Delivery of the VEGFR2 inhibitor DC101 at 1 hour preceding SDRT is highly radiosensitizing. (A and B) Mice harboring 100–150 mm³ MCA/129 flank fibrosarcomas were pretreated without (A) or with (B) i.v. DC101 (1,600 µg/25 gm mouse) at 1 hour preceding the indicated SDRT doses. (C) Combined cohorts. Tumors undetectable at 120 days were considered complete responses. Parentheses in A and B indicate number of mice/group. Of note, 15 Gy control data in A were previously published in ref. 50. GraphPad Prism (version 8) was used for nonlinear regression analysis as denoted by lines (sigmoidal curve fit) and quantitation of 20%, 50%, and 90% tumor control doses (TCD). R was used for multivariate logistic regression analysis to calculate the OR for each 1 Gy increase of dosage on complete response (OR = 1.44) and the OR for 8 Gy + DC101 versus 8 Gy only on complete response (OR = 6.12). Both effects are statistically significant (P < 0.001).
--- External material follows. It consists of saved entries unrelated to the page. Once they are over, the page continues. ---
(* Let $f:\mathbb R^n\to\mathbb R$ be a metric function. Then every gradient line of $f$ (i.e. every non-stationary trajectory of $\dot x=\operatorname{grad} f(x)$) has curvature identically zero; that is, it lies on a straight line.
   Context: A metric function on a manifold $M$ is a function $f\in C^2(M,\mathbb R)$ such that the length of its gradient $|\operatorname{grad} f|$ is constant on each connected component of each level set of $f$. A gradient line of $f$ is a trajectory of the system $\dot x=\operatorname{grad}f(x)$. *)

theory Defs
  imports "HOL-Analysis.Analysis"
begin

definition is_gradient :: "('a::euclidean_space \<Rightarrow> real) \<Rightarrow> ('a \<Rightarrow> 'a) \<Rightarrow> bool" where
  "is_gradient f g \<longleftrightarrow> (\<forall>x. (f has_derivative (\<lambda>h. g x \<bullet> h)) (at x))"

definition C2_with_gradient :: "('a::euclidean_space \<Rightarrow> real) \<Rightarrow> ('a \<Rightarrow> 'a) \<Rightarrow> bool" where
  "C2_with_gradient f g \<longleftrightarrow> is_gradient f g \<and>
     (\<exists>H :: 'a \<Rightarrow> ('a \<Rightarrow>\<^sub>L 'a).
        (\<forall>x. (g has_derivative blinfun_apply (H x)) (at x)) \<and> continuous_on UNIV H)"

definition metric_function :: "('a::euclidean_space \<Rightarrow> real) \<Rightarrow> ('a \<Rightarrow> 'a) \<Rightarrow> bool" where
  "metric_function f g \<longleftrightarrow> C2_with_gradient f g \<and>
     (\<forall>c. \<forall>x y. x \<in> {z. f z = c} \<and> y \<in> connected_component_set {z. f z = c} x
        \<longrightarrow> norm (g y) = norm (g x))"

definition gradient_line :: "('a::euclidean_space \<Rightarrow> 'a) \<Rightarrow> real set \<Rightarrow> (real \<Rightarrow> 'a) \<Rightarrow> bool" where
  "gradient_line g I \<gamma> \<longleftrightarrow> is_interval I \<and>
     (\<forall>t\<in>I. (\<gamma> has_vector_derivative g (\<gamma> t)) (at t within I))"

end

theory Submission
  imports Defs
begin

text \<open>
  Let \<open>H\<close> be the Hessian of \<open>f\<close>, i.e. the derivative of the gradient \<open>g\<close>.  The proof has
  three parts.
  (1) The gradient is an eigenvector of the Hessian: \<open>H x (g x) = \<mu>(x) g x\<close>.  At a regular
      point, a vector \<open>v \<bottom> g x\<close> is tangent to a curve inside the level set through \<open>x\<close>
      (a scalar implicit function argument); \<open>|g|\<close> is constant along this curve, so
      \<open>g x \<bullet> H x v = 0\<close>.  Symmetry of the Hessian then gives \<open>H x (g x) \<bullet> v = 0\<close> for all
      such \<open>v\<close>.  Symmetry is proved from scratch via second differences.
  (2) Along a gradient line \<open>\<gamma>\<close> the gradient \<open>G = g \<circ> \<gamma>\<close> solves \<open>G' = \<mu>(\<gamma>) G\<close>, hence so does
      its component \<open>P\<close> orthogonal to \<open>G(t\<^sub>0)\<close>.  A Gronwall argument for \<open>|P|\<^sup>2\<close>, which
      vanishes at \<open>t\<^sub>0\<close>, shows \<open>P = 0\<close>: the velocity of \<open>\<gamma>\<close> keeps a fixed direction.
  (3) A curve whose velocity is always parallel to a fixed vector lies on a line.
\<close>

lemma derivative_along_line:
  assumes fd: "\<And>y. (f has_derivative (\<lambda>h. g y \<bullet> h)) (at y)"
  shows "((\<lambda>r. f (p + r *\<^sub>R u)) has_real_derivative (g (p + r *\<^sub>R u) \<bullet> u)) (at r)"
proof -
  have "((\<lambda>r. p + r *\<^sub>R u) has_derivative (\<lambda>h. h *\<^sub>R u)) (at r)"
    by (auto intro!: derivative_eq_intros)
  from has_derivative_compose[OF this fd]
  have "((\<lambda>r. f (p + r *\<^sub>R u)) has_derivative (\<lambda>h. g (p + r *\<^sub>R u) \<bullet> (h *\<^sub>R u))) (at r)"
    by (simp add: o_def)
  then show ?thesis
    by (simp add: has_field_derivative_def mult_commute_abs)
qed

lemma linearization_error_on_ball:
  fixes g :: "'a::real_normed_vector \<Rightarrow> 'b::real_normed_vector" and H :: "'a \<Rightarrow> ('a \<Rightarrow>\<^sub>L 'b)"
  assumes gd: "\<And>y. (g has_derivative blinfun_apply (H y)) (at y)"
    and H_near: "\<And>z. z \<in> ball x d \<Longrightarrow> norm (H z - H x) \<le> e"
    and y: "y \<in> ball x d" "y + w \<in> ball x d"
  shows "norm (g (y + w) - g y - H x w) \<le> norm w * e"
proof -
  have "norm (g (y + w) - g y - H x (y + w - y)) \<le> norm (y + w - y) * e"
  proof (rule differentiable_bound_linearization[where S="ball x d" and f'="\<lambda>y. blinfun_apply (H y)"])
    fix t :: real assume "t \<in> {0..1}"
    then have "(1 - t) *\<^sub>R y + t *\<^sub>R (y + w) \<in> ball x d"
      using y by (intro convexD_alt) auto
    then show "y + t *\<^sub>R (y + w - y) \<in> ball x d"
      by (simp add: algebra_simps)
  next
    fix z assume "z \<in> ball x d"
    then show "onorm (blinfun_apply (H z) - blinfun_apply (H x)) \<le> e"
      using H_near by (simp add: norm_blinfun.rep_eq minus_blinfun.rep_eq fun_diff_def)
  next
    show "x \<in> ball x d"
      using le_less_trans[OF zero_le_dist y(1)[unfolded mem_ball]] by simp
  qed (rule has_derivative_at_withinI[OF gd])
  then show ?thesis
    by simp
qed

text \<open>By the mean value theorem in the
  direction \<open>u\<close>, it reduces to a gradient increment in the direction \<open>s w\<close>.\<close>
lemma second_difference_estimate:
  fixes f :: "'a::euclidean_space \<Rightarrow> real" and g :: "'a \<Rightarrow> 'a" and H :: "'a \<Rightarrow> ('a \<Rightarrow>\<^sub>L 'a)"
  assumes fd: "\<And>y. (f has_derivative (\<lambda>h. g y \<bullet> h)) (at y)"
    and gd: "\<And>y. (g has_derivative blinfun_apply (H y)) (at y)"
    and H_near: "\<And>z. z \<in> ball x d \<Longrightarrow> norm (H z - H x) \<le> e"
    and s: "0 < s" "s * (norm u + norm w) < d"
  shows "\<bar>f (x + s *\<^sub>R w + s *\<^sub>R u) - f (x + s *\<^sub>R u) - f (x + s *\<^sub>R w) + f x
           - s\<^sup>2 * (H x w \<bullet> u)\<bar> \<le> e * s\<^sup>2 * norm u * norm w"
proof -
  define \<phi> where "\<phi> r = f (x + s *\<^sub>R w + r *\<^sub>R u) - f (x + r *\<^sub>R u) - r * s * (H x w \<bullet> u)" for r
  define \<phi>' where "\<phi>' r = g (x + s *\<^sub>R w + r *\<^sub>R u) \<bullet> u - g (x + r *\<^sub>R u) \<bullet> u - s * (H x w \<bullet> u)" for r
  have "(\<phi> has_real_derivative \<phi>' r) (at r)" for r
    unfolding \<phi>_def \<phi>'_def by (auto intro!: derivative_eq_intros derivative_along_line[OF fd])
  then obtain z where z: "0 < z" "z < s" "\<phi> s - \<phi> 0 = s * \<phi>' z"
    using MVT2[of 0 s \<phi> \<phi>'] s by auto
  have in_ball: "x + (a *\<^sub>R u + b *\<^sub>R w) \<in> ball x d" if "0 \<le> a" "a \<le> s" "0 \<le> b" "b \<le> s" for a b
  proof -
    have "norm (a *\<^sub>R u + b *\<^sub>R w) \<le> a * norm u + b * norm w"
      using norm_triangle_ineq[of "a *\<^sub>R u" "b *\<^sub>R w"] that by simp
    also have "\<dots> \<le> s * norm u + s * norm w"
      using that by (intro add_mono mult_right_mono) auto
    finally have "norm (a *\<^sub>R u + b *\<^sub>R w) < d"
      using s by (simp add: algebra_simps)
    then show ?thesis
      by (metis add_0_right dist_add_cancel dist_0_norm mem_ball)
  qed
  have "x + z *\<^sub>R u + s *\<^sub>R w \<in> ball x d" "x + z *\<^sub>R u \<in> ball x d"
    using in_ball[of z s] in_ball[of z 0] z s by (simp_all add: add.assoc)
  then have "norm (g (x + z *\<^sub>R u + s *\<^sub>R w) - g (x + z *\<^sub>R u) - H x (s *\<^sub>R w)) \<le> norm (s *\<^sub>R w) * e"
    using linearization_error_on_ball[OF gd H_near] by (metis add.assoc)
  then have increment: "norm (g (x + z *\<^sub>R u + s *\<^sub>R w) - g (x + z *\<^sub>R u) - s *\<^sub>R H x w) \<le> s * norm w * e"
    using s by (simp add: blinfun.scaleR_right)
  have "\<bar>\<phi>' z\<bar> = \<bar>(g (x + z *\<^sub>R u + s *\<^sub>R w) - g (x + z *\<^sub>R u) - s *\<^sub>R H x w) \<bullet> u\<bar>"
    unfolding \<phi>'_def by (simp add: algebra_simps inner_diff_left)
  also have "\<dots> \<le> s * norm w * e * norm u"
    using Cauchy_Schwarz_ineq2 increment by (rule order_trans[OF _ mult_right_mono]) simp
  finally have "\<bar>\<phi> s - \<phi> 0\<bar> \<le> s * (s * norm w * e * norm u)"
    using z s by (simp add: abs_mult mult_left_mono)
  moreover have "\<phi> s - \<phi> 0 = f (x + s *\<^sub>R w + s *\<^sub>R u) - f (x + s *\<^sub>R u) - f (x + s *\<^sub>R w) + f x
           - s\<^sup>2 * (H x w \<bullet> u)"
    unfolding \<phi>_def by (simp add: power2_eq_square)
  ultimately show ?thesis
    by (simp add: power2_eq_square algebra_simps)
qed
lemma corr_energy_step:
  fixes P :: "'e::finite \<Rightarrow> 'e \<Rightarrow> real" and p :: "'e \<Rightarrow> real^'d \<Rightarrow> real^'d \<Rightarrow> real"
    and R :: "nat \<Rightarrow> real^'d" and V Lv L :: real
  assumes nonneg: "\<forall>k y u. u \<in> dirs \<longrightarrow> 0 \<le> p k y u"
    and sum_1: "\<forall>k y. (\<Sum>u\<in>dirs. p k y u) = 1"
    and V: "\<And>i y. norm (corr P p i y) \<le> V"
    and Lv: "\<And>i y y'. norm (corr P p i y - corr P p i y') \<le> Lv * norm (y - y')"
    and L: "\<And>k y y'. norm (drift p k y - drift p k y') \<le> L * norm (y - y')"
    and "1 \<le> m"
    and box: "\<And>j l. R j $ l \<in> {0..real m}"
    and step: "R (Suc k) - R k \<in> dirs"
  shows "corr_energy P p m \<xi> R n (Suc k)
      + 2 * ((real m *\<^sub>R ones - R n) \<bullet> neg_part (reflection_drift p (\<xi> k) (inverse (real m) *\<^sub>R R k)))
      + 2 * (R n \<bullet> pos_part (reflection_drift p (\<xi> k) (inverse (real m) *\<^sub>R R k)))
    \<le> corr_energy P p m \<xi> R n k + (1 + 2 * real CARD('d) * real (card (dirs :: (real^'d) set)) * (Lv + L) + 2 * V)
      + 2 * ((R k - R n) \<bullet> Zsucc P p m \<xi> R k)"
proof -
  define y where "y j = inverse (real m) *\<^sub>R R j" for j
  define D where "D = R k - R n"
  define u where "u = R (Suc k) - R k"
  define a where "a = reflection_drift p (\<xi> k) (y k)"
  define c where "c = cm P p m (\<xi> k) (y k)"
  define v where "v j = corr P p (\<xi> j) (y j)" for j
  have decomp: "u = Zsucc P p m \<xi> R k - v (Suc k) + v k + a + c"
    by (simp add: Zsucc_def Let_def u_def v_def a_def c_def y_def reflection_drift_def algebra_simps)
  have "corr_energy P p m \<xi> R n (Suc k) = (norm (D + u))\<^sup>2 + 2 * ((D + u) \<bullet> v (Suc k))"
    and "corr_energy P p m \<xi> R n k = (norm D)\<^sup>2 + 2 * (D \<bullet> v k)"
    by (simp_all add: corr_energy_def D_def u_def v_def y_def)
  then have "corr_energy P p m \<xi> R n (Suc k) = corr_energy P p m \<xi> R n k + 1
      + 2 * (D \<bullet> Zsucc P p m \<xi> R k) + 2 * (D \<bullet> a) + 2 * (D \<bullet> c) + 2 * (u \<bullet> v (Suc k))"
    using norm_add_square_plus_inner[OF decomp norm_dirs] step by (simp add: u_def)
  moreover have "D \<bullet> a = - (R n \<bullet> pos_part a) - ((real m *\<^sub>R ones - R n) \<bullet> neg_part a)"
    unfolding D_def a_def y_def using nonneg \<open>1 \<le> m\<close> by (intro inner_reflection_drift) auto
  moreover have "D \<bullet> c \<le> real CARD('d) * real (card (dirs :: (real^'d) set)) * (Lv + L)"
    unfolding D_def c_def by (rule inner_cm_le[OF nonneg sum_1 Lv L \<open>1 \<le> m\<close> box box])
  moreover have "u \<bullet> v (Suc k) \<le> V"
    using norm_cauchy_schwarz[of u "v (Suc k)"] norm_dirs[OF step] V[of "\<xi> (Suc k)" "y (Suc k)"]
    by (simp add: u_def v_def)
  ultimately show ?thesis
    unfolding a_def D_def y_def by linarith
qed

lemma corr_energy_diff_norm_square_le:
  fixes P :: "'e::finite \<Rightarrow> 'e \<Rightarrow> real" and R :: "nat \<Rightarrow> real^'d" and V :: real
  assumes V: "\<And>i y. norm (corr P p i y) \<le> V"
    and box: "\<And>j l. R j $ l \<in> {0..real m}"
  shows "\<bar>corr_energy P p m \<xi> R n k - (norm (R k - R n))\<^sup>2\<bar> \<le> 2 * (real CARD('d) * real m * V)"
proof -
  have "\<bar>(R k - R n) \<bullet> corr P p (\<xi> k) (inverse (real m) *\<^sub>R R k)\<bar>
      \<le> norm (R k - R n) * norm (corr P p (\<xi> k) (inverse (real m) *\<^sub>R R k))"
    by (rule Cauchy_Schwarz_ineq2)
  also have "\<dots> \<le> (real CARD('d) * real m) * V"
    using norm_diff_le_in_box[OF box box] V by (rule mult_mono) simp_all
  finally have "\<bar>(R k - R n) \<bullet> corr P p (\<xi> k) (inverse (real m) *\<^sub>R R k)\<bar> \<le> real CARD('d) * real m * V" .
  then show ?thesis
    by (simp add: corr_energy_def)
qed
DC101 radiosensitizes the SSR. Prior work indicates that SDRT-induced ASMase/ceramide-mediated vascular dysfunction yields large, transient perfusion reduction within minutes in numerous tumors implanted in mice and in a Phase II clinical trial performed at MSKCC in spinal/soft tissue oligometastases (3). In mice, detailed analysis indicates that this leads to large increases in reactive oxygen species in tumor parenchymal cells, resulting in induction of the proteoprotective SSR. Hence, we assessed whether antiangiogenic radiosensitization of MCA/129 fibrosarcoma tumor control conferred concomitant SSR radiosensitization. For these studies, we selected the LD₁₀ dose of 8 Gy as shown in Figure 1. The SSR is typically evaluated by formation of high molecular weight (>100 kDa) SUMO-protein complexes detected by Western blot using an antibody that detects SUMO2/3. Figure 2 shows that 8 Gy induces minimal formation of high–molecular weight SUMO complexes at 3 hours after irradiation, whereas 15 Gy, the LD₅₀ dose, induces a robust 4.2- ± 0.2-fold increased SUMO2/3 complex formation (P = 0.014 versus unirradiated controls). Consistent with the concept that the SSR mediates dysregulation of DNA repair to confer SDRT tumor cure, DC101 enhanced protein SUMOylation by 8 Gy, 3.3- ± 0.5-fold (P < 0.001 versus unirradiated controls). Our data demonstrate that the effect of DC101 to enhance SUMOylation also applies at higher radiation doses. Supplemental Figure 2 shows that, compared with 15 Gy alone, DC101 increases protein SUMOylation by 1.4-fold (P = 0.025 15 Gy+DC101 versus 15 Gy). DC101 delivered at 1 hour before irradiation similarly enhances SSR in LLC xenografts, with 13 Gy inducing minimal protein SUMOylation, consistent with minimal tumor response, increasing 3.4-fold to a level nearly identical to that induced by the TCD₅₀ dose of 25 Gy (Supplemental Figure 1C). These studies provide strong support for the notion that delivery of antiangiogenic drugs timed to enhance ASMase/ceramide-mediated vascular dysfunction leads to a large increase in oxidative damage to tumor cells after SDRT early during the sequence of events leading to increased tumor cure.

Figure 2

Delivery of the VEGFR2 inhibitor DC101 at 1 hour preceding SDRT sensitizes the SUMO stress response. (A) Representative Western blot image depicting high molecular weight (>100 kDa) SUMO2/3 conjugates (upper panel) contained in extracts of MCA/129 flank fibrosarcomas isolated at 3 hours after SDRT from tumors treated as in Figure 1 with or without a 1-hour DC101 pretreatment. Actin serves as a loading control. (B) Quantitative analysis of high–molecular weight (>100 kDa) SUMO2/3 conjugates. Data, quantified by densitometry relative to actin loading controls, represent mean ± SD collated from 3 independent experiments using 2 mice/group each. **P = 0.014, ***P < 0.001 versus unirradiated controls (2-sided Wilcoxon rank sum test).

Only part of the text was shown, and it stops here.